While "Mission To Mars" involves more visual effects than De Palma's previous films, it was not an overly daunting challenge for the director. Because computers remain one of his hobbies, and he started building and designing them as a young man, he is very familiar with the technology and understood the process. "It's just incredibly exacting and tedious and you have to be extremely well organized. I understand what you can do and how you can push the envelope — all the time — which we tried to do in this movie by creating worlds that avoid the cliches of space travel and space movies seen in the past."
Every exterior shot on Mars was digitally treated, as Jacobson says, "Because the Martian sky doesn't look like an Earth sky."
Other visual effects include traditional model work with the spaceship miniatures, shot on stage in Los Angeles, and putting in star fields or the planet Mars in the deep space sequences. The production also relied on matte painting, as well as computer graphics, which are used extensively to create the cataclysmic vortex scenes.
Sam Mercer elaborates on the process of creating the look of Mars: "Ultimately, we divided everything into three parts. One was the practical set we built, which we gave the texture and color of Mars. We digitally enhanced the color of the sky. Then the second unit got big images in Jordan, and took reference photos and texture maps in the Canary Islands, which we digitally manipulated and then added in some 3D-matte-painting work."

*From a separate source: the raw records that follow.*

(* Consider the algorithm ECCom described in the context, and fix an epoch $i$. If $f_N^{i'}+f_L^{i'}\ge 1/4$, then with high probability $f_N^{i}+f_L^{i}\ge 1/6$.
   Context: Setting. A dynamic system of IDs with at least $n_0$ good IDs at all times; "with high probability" means with probability at least $1-n_0^{-c'}$ for a desired constant $c'$ (relative to a lifetime of $O(n_0^{\gamma})$ events, $\gamma\ge1$ a constant). A committee runs algorithm ECCom: it maintains $\mathcal S_{\mathrm{old}}$, the set of IDs present after the most recent purge (start of the epoch), and $\mathcal S$, the current set of IDs. It uses a hash function $h'$, unknown to the IDs and behaving as a uniformly random function to $[0,1)$, and places an ID $v$ in the sample when $h'(v)\le c\log n_0/|\mathcal S_{\mathrm{old}}|$, where $c>0$ is a sufficiently large constant depending on $\gamma$. The sample set $\mathcal S'_{\mathrm{old}}$ consists of the sampled IDs of $\mathcal S_{\mathrm{old}}$ at the start of the epoch; the current sample set $\mathcal S'$ consists of the sampled IDs currently present. A purge is triggered when $|(\mathcal S'\cup\mathcal S'_{\mathrm{old}})\setminus(\mathcal S'\cap\mathcal S'_{\mathrm{old}})|\ge|\mathcal S'_{\mathrm{old}}|/4$. Notation. For epoch $i$: $f_N^i$ is the fraction (relative to $|\mathcal S_{\mathrm{old}}|$) of IDs that joined during the epoch and remain active, and $f_L^i$ is the fraction of IDs of $\mathcal S_{\mathrm{old}}$ that have left; $f_N^{i'}$ and $f_L^{i'}$ are the corresponding fractions for the sample sets (relative to $|\mathcal S'_{\mathrm{old}}|$). *)

theory Defs
  imports "HOL-Probability.Probability"
begin

text \<open>Model of one epoch of ECCom. \<open>S_old\<close> is the set of IDs at the start of the epoch,
  \<open>S\<close> is the current set of IDs at some moment of the epoch.\<close>

definition samp_thr :: "real \<Rightarrow> nat \<Rightarrow> 'a set \<Rightarrow> real" where
  "samp_thr c n0 S_old = c * ln (real n0) / real (card S_old)"

definition sampled :: "real \<Rightarrow> nat \<Rightarrow> 'a set \<Rightarrow> ('a \<Rightarrow> real) \<Rightarrow> 'a set \<Rightarrow> 'a set" where
  "sampled c n0 S_old h A = {v \<in> A. h v \<le> samp_thr c n0 S_old}"

definition fN :: "'a set \<Rightarrow> 'a set \<Rightarrow> real" where
  "fN S_old S = real (card (S - S_old)) / real (card S_old)"

definition fL :: "'a set \<Rightarrow> 'a set \<Rightarrow> real" where
  "fL S_old S = real (card (S_old - S)) / real (card S_old)"

definition fN' :: "real \<Rightarrow> nat \<Rightarrow> 'a set \<Rightarrow> ('a \<Rightarrow> real) \<Rightarrow> 'a set \<Rightarrow> real" where
  "fN' c n0 S_old h S =
     real (card (sampled c n0 S_old h S - sampled c n0 S_old h S_old))
       / real (card (sampled c n0 S_old h S_old))"

definition fL' :: "real \<Rightarrow> nat \<Rightarrow> 'a set \<Rightarrow> ('a \<Rightarrow> real) \<Rightarrow> 'a set \<Rightarrow> real" where
  "fL' c n0 S_old h S =
     real (card (sampled c n0 S_old h S_old - sampled c n0 S_old h S))
       / real (card (sampled c n0 S_old h S_old))"

definition hash_space :: "'a set \<Rightarrow> ('a \<Rightarrow> real) measure" where
  "hash_space U = PiM U (\<lambda>_. uniform_measure lborel {0..<1::real})"

end

theory Submission
  imports Defs
begin

text \<open>Fix a moment of the epoch at which the true churn is below 1/6 but the sample churn
  is at least 1/4. Among the sampled IDs, the stayers are then at most three times the leavers
  plus four times the joiners, i.e. the sampled IDs carry a nonnegative total of the weights
  -1 (stayer), 3 (leaver), 4 (joiner). Each ID is sampled independently with probability
  q \<ge> min p 1, where p = c ln n0 / |S_old|, so the exponential moment bound with exponent
  1/20 makes this event at most exp(q \<Sum>(e^(w/20) - 1)), and since stayers dominate when
  the true churn is small this is at most exp(-q |S_old| / 200) \<le> n0^(-c/200). A union
  bound over the T \<le> K n0^\<gamma> moments finishes once c \<ge> 200 (\<gamma> + c' + 1).\<close>

lemma pred_sample_event:
  assumes "finite U" and "A \<in> sets M"
  shows "Measurable.pred (PiM U (\<lambda>_. M)) (\<lambda>h. Q {v\<in>U. h v \<in> A})"
proof -
  have comp: "Measurable.pred (PiM U (\<lambda>_. M)) (\<lambda>h. h v \<in> A)" if "v \<in> U" for v
    by (rule pred_sets2[OF assms(2) measurable_component_singleton[OF that]])
  \<comment> \<open>the sample set is one of the finitely many subsets of U\<close>
  have "Measurable.pred (PiM U (\<lambda>_. M)) (\<lambda>h. \<exists>W\<in>Pow U. Q W \<and> (\<forall>v\<in>U. h v \<in> A \<longleftrightarrow> v \<in> W))"
    using assms(1) by (intro pred_intros_finite pred_intros_logic comp measurable_const) auto
  moreover have "(\<exists>W\<in>Pow U. Q W \<and> (\<forall>v\<in>U. h v \<in> A \<longleftrightarrow> v \<in> W)) \<longleftrightarrow> Q {v\<in>U. h v \<in> A}" for h
  proof
    assume "\<exists>W\<in>Pow U. Q W \<and> (\<forall>v\<in>U. h v \<in> A \<longleftrightarrow> v \<in> W)"
    then obtain W where "W \<subseteq> U" "Q W" "\<forall>v\<in>U. h v \<in> A \<longleftrightarrow> v \<in> W" by auto
    then have "{v\<in>U. h v \<in> A} = W" by auto
    with \<open>Q W\<close> show "Q {v\<in>U. h v \<in> A}" by simp
  qed auto
  ultimately show ?thesis by simp
qed

lemma (in prob_space) nn_integral_exp_indicator_weight:
  assumes "A \<in> events"
  shows "(\<integral>\<^sup>+x. ennreal (exp (l * (if x \<in> A then w else 0))) \<partial>M)
     = ennreal (exp (l * w) * prob A + (1 - prob A))"
proof -
  have "(\<integral>\<^sup>+x. ennreal (exp (l * (if x \<in> A then w else 0))) \<partial>M)
     = (\<integral>\<^sup>+x. ennreal (exp (l * w)) * indicator A x + indicator (space M - A) x \<partial>M)"
    by (intro nn_integral_cong) (auto simp: indicator_def)
  also have "\<dots> = ennreal (exp (l * w)) * emeasure M A + emeasure M (space M - A)"
    using assms by (subst nn_integral_add) (auto simp: nn_integral_cmult_indicator)
  also have "\<dots> = ennreal (exp (l * w) * prob A + (1 - prob A))"
    using assms prob_le_1[of A] by (simp add: emeasure_eq_measure prob_compl ennreal_mult)
  finally show ?thesis .
qed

Led by Academy Awards-winning ("The Abyss") visual effects supervisor Hoyt Yeatman, Dream Quest Images' visual effects team of 53 digital artists, a 14-person production team, 11 stage crew and seven conceptual artists were responsible for the vortex attack and meteor shower sequences, in addition to shots of the Mars II Recovery in flight. In all, Dream Quest Images worked on over 100 shots.
Yeatman contacted JPL and consulted with Matt Golombek, chief scientist on the Pathfinder mission, who provided the visual effects team with technical data on planetary atmospherics.
The Mars II Recovery model, designed by Ed Verreaux, was built in Dream Quest Images' model shop by a team of 25 modelmakers. Construction of the elaborate 22-foot-long space vehicle took a total of 10 weeks, with an additional four weeks spent on the creation of the space vehicle's exploded sections, as well as a large tabletop Mars landscape.
Recovery's NASA-like design required custom fabrication of spherical fuel tanks, solar panels, antennae and lower deck. The Recovery's mechanized support armature had a second rotation axis which allowed the lower deck (the "wheel of cheese") to revolve independently of the ship.
Yeatman says the most challenging aspect of the film was "the creation of the vortex — creating a character from natural and supernatural elements. Our challenge was to animate this particle system in a way that is menacing and creature-like, but totally believable as a phenomenon of dust and wind. The sheer magnitude of the image made this a process computationally intensive. Also demanding were the virtual programming and many digital-matte paintings that underlie the Mars and outer space environments."